A Short Checklist Before Signing

  1. Confirm SEER2, EER2, and HSPF2 are written on the quote for the exact model combination.
  2. Cross-reference the numbers at ahridirectory.org using the outdoor and indoor model numbers.
  3. If a rebate is in play, confirm the combination is listed on ENERGY STAR Canada's qualifying products page and, for cold-climate heat pumps, on the NEEP list.
  4. Verify the indoor coil or air handler matches the tested combination; mismatched indoor equipment is the most common way a rebate gets denied after install.
  5. For heat pumps, confirm rated capacity at minus 8.3 C and, if relevant, minus 15 C appears on the spec sheet.
  6. Keep the AHRI certificate PDF with your install paperwork; rebate auditors sometimes ask for it years later.

Frequently Asked Questions

Is SEER2 the same number as SEER?

No. SEER2 comes from the updated M1 test procedure under 10 CFR 430 that runs the outdoor unit against a higher external static pressure to better reflect a real ducted residential system. The same equipment scores about 4 to 5 percent lower on SEER2 than it did on SEER. The rule of thumb is SEER2 equals SEER times 0.95, so an old SEER 16 central air conditioner is about SEER2 15.2. Nothing physically changed; only the test did.

What SEER2 should I be looking at for a new central AC in Ontario in 2026?

For ENERGY STAR Canada certification on a residential split central AC, the floor is SEER2 15.2 and EER2 12.0 for systems under 45,000 BTU per hour. The federal minimum is lower. Most mid-tier two-stage and variable-speed units quoted in 2026 come in between SEER2 16 and 18. Above SEER2 18 is a paid premium that rarely pays back in Ontario cooling alone.

Why do the Canada Greener Homes and NEEP heat pump lists use HSPF2?

Both programs updated their thresholds after the U.S. Department of Energy moved to the M1 test procedure in January 2023. The NEEP cold climate air source heat pump specification is written in SEER2, EER2, and HSPF2, and the Canada Greener Homes Grant references the NEEP list and ENERGY STAR Canada criteria. If a 2026 quote only shows old-style HSPF, ask for the HSPF2 number; it is how every rebate program now evaluates the equipment.

How do I verify a contractor's SEER2 and HSPF2 claim?

Use the AHRI Directory of Certified Product Performance. Manufacturers submit tested combinations of outdoor unit and indoor coil, and rebate programs cross-check against it. Efficiency is a combination rating; a high-SEER2 outdoor unit paired with the wrong indoor coil can drop two full points and disqualify from rebates. If the AHRI certificate number is not on the quote, ask for it.

Is higher SEER2 worth it in Ontario's shorter cooling season?

It depends on cooling hours, electricity rate structure, and how oversized the old unit was. Southern Ontario sees roughly 600 to 900 cooling hours per year, well below Florida or Texas. Time-of-Use pricing shifts the math slightly in favour of higher efficiency since midday on-peak summer running is at the highest rate. Above SEER2 18, the incremental savings in Ontario rarely pay back in cooling alone; a modulating SEER2 16 to 18 unit sized correctly is usually the sweet spot.

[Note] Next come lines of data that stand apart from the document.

lemma gen_ideal_pullback_pr1:
  assumes "holo (dpt x) Q" "\<And>s. s \<in> S \<Longrightarrow> (\<lambda>z. Q z * s (pr1 z)) \<in> gen_ideal (dbl X) (dpt x) R"
    "f \<in> gen_ideal X x S"
  shows "(\<lambda>z. Q z * f (pr1 z)) \<in> gen_ideal (dbl X) (dpt x) R"
  by (rule gen_ideal_pullback[OF bounded_linear_pr1 pr1_smult pr1_dpt pr1_dbl assms])

lemma gen_ideal_pullback_pr2:
  assumes "holo (dpt x) Q" "\<And>s. s \<in> S \<Longrightarrow> (\<lambda>z. Q z * s (pr2 z)) \<in> gen_ideal (dbl X) (dpt x) R"
    "f \<in> gen_ideal X x S"
  shows "(\<lambda>z. Q z * f (pr2 z)) \<in> gen_ideal (dbl X) (dpt x) R"
  by (rule gen_ideal_pullback[OF bounded_linear_pr2 pr2_smult pr2_dpt pr2_dbl assms])

lemma vecD_nth_Inl [simp]: "vecD h z $ Inl i = h (pr1 z) $ i"
  by (simp add: vecD_def)

lemma vecD_nth_Inr [simp]: "vecD h z $ Inr i = h (pr2 z) $ i"
  by (simp add: vecD_def)

lemma holo_vec_vecD:
  fixes h :: "complex^'n::finite \<Rightarrow> complex^'q::finite"
  assumes "holo_vec x h" shows "holo_vec (dpt x) (vecD h)"
  unfolding holo_vec_def
proof
  fix j :: "'q + 'q"
  show "holo (dpt x) (\<lambda>z. vecD h z $ j)"
    using assms unfolding holo_vec_def by (cases j) (auto intro: holo_pr1 holo_pr2)
qed

lemma vecD_mem_mod_D: "holo_vec x c \<Longrightarrow> c \<in> N \<Longrightarrow> vecD c \<in> mod_D X x N"
  unfolding mod_D_def
  by (rule gen_module_intro[where m = 1 and a = "\<lambda>_ _. 1" and s = "\<lambda>_. vecD c"])
    (auto intro: holo_vec_vecD)

lemma mod_D_holo_vec: "c \<in> mod_D X x N \<Longrightarrow> holo_vec (dpt x) c"
  unfolding mod_D_def by (rule gen_module_holo_vec)

definition diff_prod ::
    "nat \<Rightarrow> (nat \<Rightarrow> complex^'n::finite \<Rightarrow> complex) \<Rightarrow> complex^('n + 'n) \<Rightarrow> complex" where
  "diff_prod k e = (\<lambda>z. \<Prod>j<k. e j (pr1 z) - e j (pr2 z))"

definition delta_monomials :: "nat \<Rightarrow> (complex^('n::finite + 'n) \<Rightarrow> complex) set" where
  "delta_monomials k = {diff_prod k (\<lambda>j y. y $ \<iota> j) | \<iota>. True}"

lemma holo_diff_prod: "(\<And>j. j < k \<Longrightarrow> holo x (e j)) \<Longrightarrow> holo (dpt x) (diff_prod k e)"
  unfolding diff_prod_def by (intro holo_prod holo_diff holo_pr1 holo_pr2) auto

lemma holo_delta_monomial: "P \<in> delta_monomials k \<Longrightarrow> holo (dpt x) P"
  unfolding delta_monomials_def by (auto intro: holo_diff_prod)

lemma ideal_pow_I_Delta_subset:
  fixes X :: "(complex^'n::finite) set"
  shows "ideal_pow (dbl X) (dpt x) (I_Delta X x) k \<subseteq> gen_ideal (dbl X) (dpt x) (delta_monomials k)"
proof (induction k)
  case 0
  have "(\<lambda>_. 1) \<in> (delta_monomials 0 :: (complex^('n + 'n) \<Rightarrow> complex) set)"
    unfolding delta_monomials_def diff_prod_def by simp
  then show ?case
    by (auto intro!: gen_ideal_subset gen_ideal_generator)
next
  case (Suc k)
  have step: "(\<lambda>z. P z * (z $ Inl i - z $ Inr i)) \<in> delta_monomials (Suc k)"
    if P: "P \<in> delta_monomials k" for P and i :: 'n
  proof -
    obtain \<iota> where "P = diff_prod k (\<lambda>j y. y $ \<iota> j)"
      using P unfolding delta_monomials_def by blast
    then have "(\<lambda>z. P z * (z $ Inl i - z $ Inr i)) = diff_prod (Suc k) (\<lambda>j y. y $ (\<iota>(k := i)) j)"
      unfolding diff_prod_def by (auto intro!: prod.cong)
    then show ?thesis unfolding delta_monomials_def by blast
  qed
  show ?case unfolding ideal_pow.simps ideal_mult_def
  proof (rule gen_ideal_subset, clarify)
    fix f g assume f: "f \<in> ideal_pow (dbl X) (dpt x) (I_Delta X x) k" and g: "g \<in> I_Delta X x"
    show "(\<lambda>y. f y * g y) \<in> gen_ideal (dbl X) (dpt x) (delta_monomials (Suc k))"
      by (rule gen_ideal_mult[OF holo_delta_monomial _ Suc.IH[THEN subsetD, OF f]
            g[unfolded I_Delta_def]])
        (auto intro!: gen_ideal_generator step holo_delta_monomial)
  qed
qed
(* For every positive integer $r$ there exists a Heffter space with exactly $r$ parallel classes.
   Context: A half-set of an abelian group $G$ of odd order $2v+1\ge7$ is a subset $V\subseteq G\setminus\{0\}$ containing exactly one element of each pair $\{g,-g\}$, $g\ne0$. A Heffter system on $V$ with block size $k$ is a partition of $V$ into blocks of size $k$, each summing to $0$ in $G$. A Heffter space over $G$ is a partial linear space (any two distinct points lie in at most one block) with point set a half-set $V$ of $G$, together with a resolution of its blocks into parallel classes (each a partition of $V$), every parallel class being a Heffter system on $V$; its degree is the number of parallel classes. *)

theory Defs
  imports "HOL-Algebra.Algebra"
begin

text \<open>Abelian groups are HOL-Algebra commutative groups; the group operation
  (written multiplicatively in the library) plays the role of addition,
  the unit the role of 0 and inv the role of negation.\<close>

definition half_set :: "('a, 'b) monoid_scheme \<Rightarrow> 'a set \<Rightarrow> bool" where
  "half_set G V \<longleftrightarrow> V \<subseteq> carrier G - {\<one>\<^bsub>G\<^esub>} \<and>
     (\<forall>g \<in> carrier G - {\<one>\<^bsub>G\<^esub>}. (g \<in> V \<longleftrightarrow> inv\<^bsub>G\<^esub> g \<notin> V))"

definition heffter_system :: "('a, 'b) monoid_scheme \<Rightarrow> 'a set \<Rightarrow> nat \<Rightarrow> 'a set set \<Rightarrow> bool" where
  "heffter_system G V k P \<longleftrightarrow>
     \<Union>P = V \<and>
     (\<forall>B \<in> P. \<forall>B' \<in> P. B \<noteq> B' \<longrightarrow> B \<inter> B' = {}) \<and>
     (\<forall>B \<in> P. card B = k \<and> finprod G id B = \<one>\<^bsub>G\<^esub>)"
text \<open>For \<open>2\<^sup>j/m \<ge> x\<^sub>1\<close> only a uniform bound \<open>G \<le> G\<^sub>t\<^sub>o\<^sub>t\<close> (the total mass of \<open>F\<close>) is used, and the factor \<open>m\<^sup>\<delta>\<close> is
  absorbed into \<open>m\<^sup>\<gamma> L(m)\<close> by the lower bound \<open>L(m) \<ge> c m\<^sup>-\<^sup>\<delta>\<close>.\<close>

lemma dyadic_term_far:
  fixes G L :: "real \<Rightarrow> real" and M \<delta> x1 c Gt :: real
  assumes "M > 0" "x1 > 0" "\<delta> < 1" "c > 0"
    and far: "x1 \<le> 2^j / M" and mass: "G (2^j / M) \<le> Gt" "0 \<le> G (2^j / M)"
    and lower: "c * M powr (-\<delta>) \<le> L M"
  shows "M^2 / 4^j * G (2^j / M) \<le> Gt * x1 powr (\<delta> - 2) / c * (M powr (2*\<delta>) * L M) * (2 powr (-\<delta>))^j"
proof -
  define \<rho> where "\<rho> = 2^j / M"
  have "\<rho> > 0" using \<open>M > 0\<close> by (simp add: \<rho>_def)
  have "M^2 / 4^j = \<rho> powr (-2)"
  proof (rule ln_inj_iff[THEN iffD1])
    have "ln (4::real) = 2 * ln 2" using ln_realpow[of 2 2] by simp
    then show "ln (M^2 / 4^j) = ln (\<rho> powr (-2))"
      using \<open>M > 0\<close> by (simp add: \<rho>_def ln_div ln_powr ln_realpow algebra_simps)
  qed (use \<open>M > 0\<close> \<open>\<rho> > 0\<close> in simp_all)
  also have "\<dots> = \<rho> powr (\<delta> - 2) * \<rho> powr (-\<delta>)" by (simp add: powr_add[symmetric])
  also have "\<dots> \<le> x1 powr (\<delta> - 2) * \<rho> powr (-\<delta>)"
    using assms by (intro mult_right_mono powr_mono2') (auto simp: \<rho>_def)
  also have "\<rho> powr (-\<delta>) = M powr \<delta> * (2 powr (-\<delta>))^j"
    using \<open>M > 0\<close> by (simp add: \<rho>_def powr_divide powr_minus powr_realpow[symmetric] powr_powr
        field_simps flip: powr_mult)
  also have "M powr \<delta> \<le> (M powr (2*\<delta>) * L M) / c"
  proof -
    have "c * M powr \<delta> = c * M powr (-\<delta>) * M powr (2*\<delta>)"
      by (simp add: mult.assoc powr_add[symmetric])
    also have "\<dots> \<le> L M * M powr (2*\<delta>)" using lower by (intro mult_right_mono) auto
    finally show ?thesis using \<open>c > 0\<close> by (simp add: field_simps)
  qed
  finally have "M^2 / 4^j \<le> x1 powr (\<delta> - 2) * ((M powr (2*\<delta>) * L M) / c * (2 powr (-\<delta>))^j)"
    by (simp add: mult_left_mono)
  then have "M^2 / 4^j * G (2^j / M) \<le> x1 powr (\<delta> - 2) * ((M powr (2*\<delta>) * L M) / c * (2 powr (-\<delta>))^j) * Gt"
    using mass by (intro mult_mono') auto
  then show ?thesis by (simp add: field_simps)
qed

lemma geometric_sum_le:
  fixes q :: real assumes "0 \<le> q" "q < 1"
  shows "(\<Sum>j\<le>N. q^j) \<le> 1 / (1 - q)"
proof -
  have "(\<Sum>j\<le>N. q^j) = (\<Sum>j<Suc N. q^j)" by (simp add: lessThan_Suc_atMost)
  also have "\<dots> = (1 - q^Suc N) / (1 - q)" using assms by (subst sum_gp_strict) simp
  also have "\<dots> \<le> 1 / (1 - q)" using assms by (intro divide_right_mono) auto
  finally show ?thesis .
qed

lemma dyadic_terms_geometric:
  fixes G L :: "real \<Rightarrow> real"
  assumes sv: "slowly_varying L" and "0 < \<gamma>" "\<gamma> < 2"
    and Gnn: "\<And>x. 0 \<le> G x" and Gt: "\<And>x. G x \<le> Gt"
    and "C2 > 0" "x0 > 0" and Gb: "\<And>x. 0 < x \<Longrightarrow> x \<le> x0 \<Longrightarrow> G x \<le> C2 * (x powr (2 - \<gamma>) * L (1 / x))"
  shows "\<exists>D>0. \<exists>A\<ge>1. \<forall>M\<ge>A. \<forall>j.
           M^2 / 4^j * G (2^j / M) \<le> D * (M powr \<gamma> * L M * (2 powr (-(\<gamma> / 2)))^j)"
proof -
  define \<delta> where "\<delta> = \<gamma> / 2"
  have "\<delta> > 0" "\<delta> < 1" "\<gamma> = 2 * \<delta>" using assms by (auto simp: \<delta>_def)
  obtain AP where "AP > 0" and halving: "\<And>i y. AP \<le> y / 2^i \<Longrightarrow> L (y / 2^i) \<le> 2 powr (\<delta> * real i) * L y"
    using slowly_varying_halving_bound[OF sv \<open>\<delta> > 0\<close>] by blast
  obtain c AL where "c > 0" and lower: "\<And>y. y \<ge> AL \<Longrightarrow> c * y powr (-\<delta>) \<le> L y"
    using slowly_varying_lower_power[OF sv \<open>\<delta> > 0\<close>] by blast
  define x1 where "x1 = min x0 (1 / AP)"
  define q :: real where "q = 2 powr (-\<delta>)"
  define D where "D = C2 + Gt * x1 powr (\<delta> - 2) / c"
  have "x1 > 0" using \<open>0 < x0\<close> \<open>AP > 0\<close> by (simp add: x1_def)
  have "0 < q" using \<open>\<delta> > 0\<close> by (simp add: q_def)
  have "0 \<le> Gt" using Gnn[of 0] Gt[of 0] by linarith
  then have "D > 0" using \<open>C2 > 0\<close> \<open>c > 0\<close> \<open>x1 > 0\<close> by (simp add: D_def add_pos_nonneg)
  have "M^2 / 4^j * G (2^j / M) \<le> D * (M powr \<gamma> * L M * q^j)"
    if M: "M \<ge> max 1 AL" for M :: real and j :: nat
  proof -
    have weight: "0 \<le> M powr \<gamma> * L M * q^j"
      using M \<open>0 < q\<close> slowly_varying_pos[OF sv, of M] by simp
    show ?thesis
    proof (cases "2^j / M \<le> x1")
      case True
      then have "AP \<le> M / 2^j" using M \<open>AP > 0\<close> by (auto simp: x1_def field_simps)
      moreover have "G (2^j / M) \<le> C2 * ((2^j / M) powr (2 - 2*\<delta>) * L (M / 2^j))"
        using Gb[of "2^j / M"] True M \<open>\<gamma> = 2 * \<delta>\<close> by (auto simp: x1_def)
      ultimately have "M^2 / 4^j * G (2^j / M) \<le> C2 * (M powr \<gamma> * L M * q^j)"
        using M \<open>C2 > 0\<close> dyadic_term_near[of M C2 G j \<delta> L] halving[of M j]
        unfolding q_def \<open>\<gamma> = 2 * \<delta>\<close> by (auto simp: mult.assoc)
      also have "\<dots> \<le> D * (M powr \<gamma> * L M * q^j)"
        using weight \<open>0 \<le> Gt\<close> \<open>c > 0\<close> by (intro mult_right_mono) (auto simp: D_def)
      finally show ?thesis .
    next
      case False
      then have "M^2 / 4^j * G (2^j / M) \<le> Gt * x1 powr (\<delta> - 2) / c * (M powr \<gamma> * L M * q^j)"
        using M \<open>x1 > 0\<close> \<open>\<delta> < 1\<close> \<open>c > 0\<close> Gt Gnn lower[of M]
          dyadic_term_far[of M x1 \<delta> c j G Gt L]
        unfolding q_def \<open>\<gamma> = 2 * \<delta>\<close> by (auto simp: mult.assoc)
      also have "\<dots> \<le> D * (M powr \<gamma> * L M * q^j)"
        using weight \<open>C2 > 0\<close> by (intro mult_right_mono) (auto simp: D_def)
      finally show ?thesis .
    qed
  qed
  then have "\<forall>M\<ge>max 1 AL. \<forall>j. M^2 / 4^j * G (2^j / M) \<le> D * (M powr \<gamma> * L M * (2 powr (-(\<gamma> / 2)))^j)"
    by (simp add: q_def \<delta>_def)
  then show ?thesis using \<open>D > 0\<close> max.cobounded1[of 1 AL] by blast
qed

lemma variance_bound_from_spectral:
  fixes V :: "nat \<Rightarrow> real" and G L :: "real \<Rightarrow> real"
  assumes sv: "slowly_varying L" and "0 < \<gamma>" "\<gamma> < 2"
    and up: "\<And>m. m \<ge> 1 \<Longrightarrow> V m \<le> (\<Sum>j\<le>m+2. 512 * real m ^ 2 / 4^j * G (2^j / real m))"
    and Gnn: "\<And>x. 0 \<le> G x" and Gt: "\<And>x. G x \<le> Gt"
    and spec: "\<exists>C>0. \<exists>x0. 0 < x0 \<and> x0 \<le> pi \<and>
                 (\<forall>x. 0 < x \<and> x \<le> x0 \<longrightarrow> G x \<le> C * (x powr (2 - \<gamma>) * L (1 / x)))"
  shows "\<exists>C>0. eventually (\<lambda>m. V m \<le> C * (real m powr \<gamma> * L (real m))) sequentially"
proof -
  define q :: real where "q = 2 powr (-(\<gamma> / 2))"
  have "0 < q" "q < 1" using \<open>0 < \<gamma>\<close> by (auto simp: q_def powr_less_one)
  obtain C2 x0 where "C2 > 0" "0 < x0"
    and Gb: "\<And>x. 0 < x \<Longrightarrow> x \<le> x0 \<Longrightarrow> G x \<le> C2 * (x powr (2 - \<gamma>) * L (1 / x))"
    using spec by blast
  obtain D A where "D > 0" "A \<ge> 1"
    and dyadic_term: "\<And>M j. M \<ge> A \<Longrightarrow> M^2 / 4^j * G (2^j / M) \<le> D * (M powr \<gamma> * L M * q^j)"
    using dyadic_terms_geometric[OF sv \<open>0 < \<gamma>\<close> \<open>\<gamma> < 2\<close> Gnn Gt \<open>C2 > 0\<close> \<open>0 < x0\<close> Gb]
    unfolding q_def by blast
  have bound: "V m \<le> 512 * D / (1 - q) * (real m powr \<gamma> * L (real m))" if m: "real m \<ge> A" for m
  proof -
    have "V m \<le> (\<Sum>j\<le>m+2. 512 * real m ^ 2 / 4^j * G (2^j / real m))"
      using up m \<open>A \<ge> 1\<close> by simp
    also have "\<dots> \<le> (\<Sum>j\<le>m+2. 512 * D * (real m powr \<gamma> * L (real m)) * q^j)"
    proof (rule sum_mono)
      fix j
      have "512 * real m ^ 2 / 4^j * G (2^j / real m) = 512 * (real m ^ 2 / 4^j * G (2^j / real m))"
        by simp
      also have "\<dots> \<le> 512 * (D * (real m powr \<gamma> * L (real m) * q^j))"
        using dyadic_term[OF m, of j] by (rule mult_left_mono) simp
      finally show "512 * real m ^ 2 / 4^j * G (2^j / real m)
          \<le> 512 * D * (real m powr \<gamma> * L (real m)) * q^j" by (simp add: mult_ac)
    qed
    also have "\<dots> = 512 * D * (real m powr \<gamma> * L (real m)) * (\<Sum>j\<le>m+2. q^j)"
      by (rule sum_distrib_left[symmetric])
    also have "\<dots> \<le> 512 * D * (real m powr \<gamma> * L (real m)) * (1 / (1 - q))"
      using \<open>D > 0\<close> m \<open>A \<ge> 1\<close> slowly_varying_pos[OF sv, of "real m"] \<open>0 < q\<close> \<open>q < 1\<close>
      by (intro mult_left_mono geometric_sum_le) auto
    finally show ?thesis by simp
  qed
  have "eventually (\<lambda>m. real m \<ge> A) sequentially"
    using filterlim_real_sequentially unfolding filterlim_at_top by blast
  then have "eventually (\<lambda>m. V m \<le> 512 * D / (1 - q) * (real m powr \<gamma> * L (real m))) sequentially"
    by (rule eventually_mono) (rule bound)
  moreover have "512 * D / (1 - q) > 0" using \<open>D > 0\<close> \<open>q < 1\<close> by simp
  ultimately show ?thesis by blast
qed

theorem lemma2:
  fixes M :: "'a measure" and X :: "nat \<Rightarrow> 'a \<Rightarrow> real" and F :: "real measure"
    and \<gamma> :: real and L :: "real \<Rightarrow> real" and n :: "nat \<Rightarrow> nat"
  assumes "prob_space M"
    and "\<And>i. i \<ge> 1 \<Longrightarrow> X i \<in> borel_measurable M"
    and "\<And>i. i \<ge> 1 \<Longrightarrow> integrable M (\<lambda>\<omega>. (X i \<omega>)\<^sup>2)"
    and "\<And>i. i \<ge> 1 \<Longrightarrow> integral\<^sup>L M (X i) = 0"
    and "spectral_measure_of M X F"
    and "0 < \<gamma>" "\<gamma> < 2"
    and "slowly_varying L"
    and "\<And>k. n k > 0" "mono n" "filterlim n at_top sequentially"
    and "\<exists>\<kappa>. \<forall>k. real (n (Suc k)) / real (n k) \<le> \<kappa>"
  shows "((\<exists>C>0. eventually (\<lambda>k. prob_space.variance M (\<lambda>\<omega>. \<Sum>i=1..n k. X i \<omega>)
                    \<le> C * (real (n k) powr \<gamma> * L (real (n k)))) sequentially)
          \<longleftrightarrow> (\<exists>C>0. \<exists>x0. 0 < x0 \<and> x0 \<le> pi \<and>
                 (\<forall>x. 0 < x \<and> x \<le> x0 \<longrightarrow> measure F {-x..x} \<le> C * (x powr (2 - \<gamma>) * L (1 / x)))))
       \<and> ((\<exists>C>0. \<exists>x0. 0 < x0 \<and> x0 \<le> pi \<and>
                 (\<forall>x. 0 < x \<and> x \<le> x0 \<longrightarrow> measure F {-x..x} \<le> C * (x powr (2 - \<gamma>) * L (1 / x))))
          \<longleftrightarrow> (\<exists>C>0. eventually (\<lambda>m. prob_space.variance M (\<lambda>\<omega>. \<Sum>i=1..m. X i \<omega>)
                    \<le> C * (real m powr \<gamma> * L (real m))) sequentially))"
proof -
  define V where "V m = prob_space.variance M (\<lambda>\<omega>. \<Sum>i=1..m. X i \<omega>)" for m
  define G where "G = spectral_mass F"
  have sF: "sets F = sets borel" and fF: "finite_measure F" and supp: "emeasure F (- {-pi..pi}) = 0"
    using assms(5) unfolding spectral_measure_of_def by auto
  have V_eq: "V m = integral\<^sup>L F (variance_kernel m)" for m
    unfolding V_def by (rule variance_sum_eq_kernel_integral[OF assms(1-5)])
  have low: "real m ^ 2 / 2 * G (1 / real m) \<le> V m" for m
    unfolding V_eq G_def by (rule kernel_integral_lower[OF sF fF])
  have up: "V m \<le> (\<Sum>j\<le>m+2. 512 * real m ^ 2 / 4^j * G (2^j / real m))" if "m \<ge> 1" for m
    unfolding V_eq G_def by (rule kernel_integral_upper[OF sF fF supp that])
  have Gmono: "G x \<le> G y" if "x \<le> y" for x y
    using that by (auto simp: G_def spectral_mass_def sF intro!: finite_measure.finite_measure_mono[OF fF])
  have Gbounded: "0 \<le> G x" "G x \<le> measure F (space F)" for x
    unfolding G_def spectral_mass_def by (simp_all add: finite_measure.bounded_measure[OF fF])
  have "filterlim n at_top sequentially" by fact
  then have sub: "eventually P sequentially \<Longrightarrow> eventually (\<lambda>k. P (n k)) sequentially" for P
    unfolding filterlim_iff by blast
  show ?thesis
    unfolding V_def[symmetric] spectral_mass_def[symmetric] G_def[symmetric]
    using spectral_bound_from_subsequence[OF assms(8,7) low Gmono assms(9,11,12)]
      variance_bound_from_spectral[OF assms(8,6,7) up Gbounded] sub by blast
qed
(* Assume $\boldsymbol\Gamma$ is irreducible, fix $\Lambda^{(1)}_j\ge 0$, set $\Lambda_j=\theta\Lambda^{(1)}_j$ for $\theta>0$, and let $-\mu(\theta)$ (resp. $-\lambda(\theta)$) be the largest eigenvalue of $\boldsymbol\Theta-\boldsymbol\Psi$ (resp. of $\boldsymbol\Gamma-\mathrm{diag}(\Lambda_j)$). Let $\lambda^{(1)}=\frac1N\sum_j\Lambda^{(1)}_j$. Then $\mu(\theta)=2\theta\lambda^{(1)}+O(\theta^2)$ as $\theta\to0$. If moreover $\Gamma_{jl}=\Gamma>0$ for all $j\neq l$, then $$\mu(\theta)=2\theta\lambda^{(1)}-\theta^2\frac{2(N+2)}{N^2(N+1)\Gamma}\sum_{j=0}^{N-1}(\Lambda^{(1)}_j-\lambda^{(1)})^2+O(\theta^3),$$ the corresponding unit eigenvector is $\mathbf W(\theta)=\mathbf W^{(0)}+\theta\mathbf W^{(1)}+O(\theta^2)$ with $W^{(0)}_{jl}=c_N:=\sqrt2/\sqrt{N(N+1)}$ and $W^{(1)}_{jl}=-\frac{c_N}{\Gamma N}(\Lambda^{(1)}_j+\Lambda^{(1)}_l-2\lambda^{(1)})$ for $j\le l$, and $$\mu(\theta)-2\lambda(\theta)=-\frac{2\theta^2}{N^2(N+1)\Gamma}\sum_{j=0}^{N-1}(\Lambda^{(1)}_j-\lambda^{(1)})^2+O(\theta^3),$$ which is negative for small $\theta$ as soon as the $\Lambda^{(1)}_j$ are not all equal.
   Context: Let $N\ge 2$. Let $\boldsymbol\Gamma=(\Gamma_{jl})_{j,l=0}^{N-1}$ be a real symmetric matrix with $\Gamma_{jl}\ge 0$ for $j\neq l$ and $\Gamma_{jj}=-\sum_{l\neq j}\Gamma_{jl}$. $\boldsymbol\Gamma$ is called irreducible if the graph on $\{0,\dots,N-1\}$ with an edge between $j\neq l$ whenever $\Gamma_{jl}>0$ is connected. Let $\mathcal T_N=\{(j,l)\in\mathbb N^2:0\le j\le l\le N-1\}$; for $\mathbf S\in\mathbb R^{\mathcal T_N}$, $S_{jl}$ with $j>l$ means $S_{lj}$. Define $(\boldsymbol\Psi\mathbf S)_{jl}=(\Lambda_j+\Lambda_l)S_{jl}$ and $(\boldsymbol\Theta\mathbf S)_{jl}=2\Gamma_{jl}\mathbf 1_{j\neq l}(S_{jj}+S_{ll}-2S_{jl})+\sum_{n\notin\{j,l\}}[\Gamma_{ln}(S_{jn}-S_{jl})+\Gamma_{jn}(S_{nl}-S_{jl})]$. *)

theory Defs
  imports Complex_Main "HOL-Library.Landau_Symbols"
begin

text \<open>Index set T_N = {(j,l). 0 <= j <= l <= N-1}; elements of R^{T_N} are functions
  on nat \<times> nat, only their values on T_N matter.\<close>
definition triN :: "nat \<Rightarrow> (nat \<times> nat) set" where
  "triN N = {(j,l). j \<le> l \<and> l < N}"

definition sget :: "(nat \<times> nat \<Rightarrow> real) \<Rightarrow> nat \<Rightarrow> nat \<Rightarrow> real" where
  "sget S j l = (if j \<le> l then S (j,l) else S (l,j))"
(* Let $f(u)=e^{g(u)}$ where $g\in C^3[0,\infty)$ satisfies $g'>0$, $g''>0$, $g'^2-g''\ge0$ and $2g''^2-g'g'''>0$ on $[0,\infty)$. Then: (i) $\lim_{u\to\infty}f'(u)F(u)=1$ and $\lim_{u\to\infty}\frac{f'(u)^2}{f(u)f''(u)}=1$; (ii) $2f(u)f''(u)^2-f'(u)^2f''(u)-f(u)f'(u)f'''(u)>0$ for $u\ge0$; (iii) $F(u)-\frac{f'(u)}{f(u)f''(u)}>0$ for $u\ge0$; (iv) $h(y)\to0$ as $y\to\infty$; (v) $h'(y)<0$ for $y\ge-\log F(0)$.
   Context: $F(u)=\int_u^\infty\frac{ds}{f(s)}$ (finite), $\eta(y)=F^{-1}(e^{-y})$ for $y\ge-\log F(0)$, where $F^{-1}$ is the inverse of the decreasing function $F$, and $h(y)=1-f'(\eta(y))F(\eta(y))$ for $y\ge-\log F(0)$. *)

theory Defs
  imports "HOL-Analysis.Analysis"
begin

definition Fint :: "(real \<Rightarrow> real) \<Rightarrow> real \<Rightarrow> real" where
  "Fint f u = integral {u..} (\<lambda>s. 1 / f s)"

definition eta :: "(real \<Rightarrow> real) \<Rightarrow> real \<Rightarrow> real" where
  "eta f y = the_inv_into {0..} (Fint f) (exp (- y))"

text \<open>h(y) = 1 - f'(eta y) F(eta y); f1 is the derivative of f.\<close>
definition hfun :: "(real \<Rightarrow> real) \<Rightarrow> (real \<Rightarrow> real) \<Rightarrow> real \<Rightarrow> real" where
  "hfun f f1 y = 1 - f1 (eta f y) * Fint f (eta f y)"

end

theory Submission
  imports Defs "HOL-Real_Asymp.Real_Asymp"
begin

Does the SEER to SEER2 change affect rebate eligibility?

Yes. Every federal and provincial program references the new metrics. The Canada Greener Homes Grant, the Oil to Heat Pump Affordability Program, and utility programs all specify SEER2, EER2, and HSPF2 thresholds. A quote with legacy ratings only may still describe qualifying equipment, but the SEER2 and HSPF2 numbers have to line up with the program cutoffs, and the AHRI certificate is the document that settles it.

A contractor said the old SEER and new SEER2 are the same thing. Red flag?

Yes. It usually signals the contractor has not updated training or product literature. SEER and SEER2 are not the same number on the same equipment, and the conversion is not one-to-one across all model lines. If a 2026 quote references legacy ratings only, ask for the AHRI certificate, the spec sheet showing SEER2 and HSPF2, and the ENERGY STAR Canada listing if a rebate is in play.